The car swerved and bumped wildly on to grass. Bradley. What was Bradley doing at St Michel at near midnight and where was his car?

By the time she had regained control of the Cadillac, the doors of St Michel were wide open and a fleeing figure was hurling itself down the shallow stairs and towards her. She ran from the car.

‘What’s is it? What’s the matter, Allie?’

‘It’s Miss Augusta! She’s plum out of her mind!’

Eden seized the hysterical maid, shaking her violently. ‘What’s happened, Allie? Is Augusta safe?’

‘He was coming for her, Miss Eden! I heard him myself! I heard his voice in the room and then I heard his footsteps on the gravel and then …’

Eden released her and ran into the darkened hall and up the stairs towards Gussie’s room, her heart pounding, filled with an unspeakable fear.

‘Gussie!’ She halted in the doorway, panting for breath.

Gussie was sitting at her dressing table, her face a mixture of rage and pain and blinding relief.

‘What’s happened, Gussie?’

Gussie began to shake. ‘He came for me, Eden. He came for me but Allie was here and then you arrived.’

Eden pressed a hand against her palpitating heart. ‘Thank God,’ she gasped. ‘Listen Gussie. Allie has left. I’m staying at St Michel tonight. Tomorrow I’m going for Mae. There won’t be another night like this.’

‘But there has to be, Eden!’ Gussie cried fervently. ‘He must come for me! I can’t stand until I’m old waiting and waiting, not able to love anyone else. A prisoner …’

The bottle rattled against the rim of the glass as Eden poured a large brandy.

‘If he comes for you, Gussie, you’ll die.’

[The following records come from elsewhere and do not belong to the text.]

lemma mono_superlevel_set_cases:
  fixes w :: "real \<Rightarrow> real"
  assumes "mono w" and "continuous_on UNIV w"
  shows "{u. x < u \<and> t < w u} = {} \<or> (\<exists>a\<ge>x. {u. x < u \<and> t < w u} = {a<..})"
proof (cases "{u. x < u \<and> t < w u} = {}")
  case False
  define S where "S = {u. x < u \<and> t < w u}"
  have "S \<noteq> {}" using False by (simp add: S_def)
  have bdd: "bdd_below S" unfolding S_def by (auto intro: bdd_belowI[of _ x])
  have "open S"
    unfolding S_def using assms(2) by (intro open_Collect_conj open_Collect_less) auto
  have "Inf S \<notin> S" \<comment> \<open>this is where continuity is needed: it rules out the closed ray\<close>
  proof
    assume "Inf S \<in> S"
    then obtain e where "e > 0" "ball (Inf S) e \<subseteq> S"
      using \<open>open S\<close> open_contains_ball by blast
    then have "Inf S - e / 2 \<in> S" by (auto simp: dist_real_def)
    then show False using cInf_lower[OF _ bdd] \<open>e > 0\<close> by fastforce
  qed
  have "S = {Inf S<..}"
  proof
    show "{Inf S<..} \<subseteq> S"
    proof
      fix u assume "u \<in> {Inf S<..}"
      then obtain s where "s \<in> S" "s < u" using cInf_lessD \<open>S \<noteq> {}\<close> by auto
      then show "u \<in> S" using monoD[OF assms(1), of s u] by (auto simp: S_def)
    qed
    show "S \<subseteq> {Inf S<..}"
    proof
      fix s assume "s \<in> S"
      then have "Inf S \<le> s" "s \<noteq> Inf S" using cInf_lower[OF _ bdd] \<open>Inf S \<notin> S\<close> by auto
      then show "s \<in> {Inf S<..}" by simp
    qed
  qed
  moreover have "x \<le> Inf S" using \<open>S \<noteq> {}\<close> by (intro cInf_greatest) (auto simp: S_def)
  ultimately have "\<exists>a\<ge>x. S = {a<..}" by blast
  then show ?thesis by (simp add: S_def)
qed simp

Gussie’s tragic eyes met hers. ‘I know,’ she whispered. ‘Oh, Eden! I’m so afraid.’

‘So am I,’ Eden said truthfully, draining the brandy and pouring another for Gussie.

‘Then you believe me? You don’t think I’m mad?’

Eden sat unsteadily on the bed, remembering the dark, powerful figure so clearly held in her headlights.

‘No,’ she said, fighting wave after wave of overwhelming fear. ‘I don’t think you’re mad. I know he’s here. I saw him.’

Gussie rushed to the window, opening it wide. ‘Beau,’ she called vainly. ‘Beau! Beau!’

Eden seized her shoulders. ‘He mustn’t come in, Gussie.’

‘But he’s in torment. All because of me!’

Their eyes held, wide with terror. Then, like children, they clung together and wept.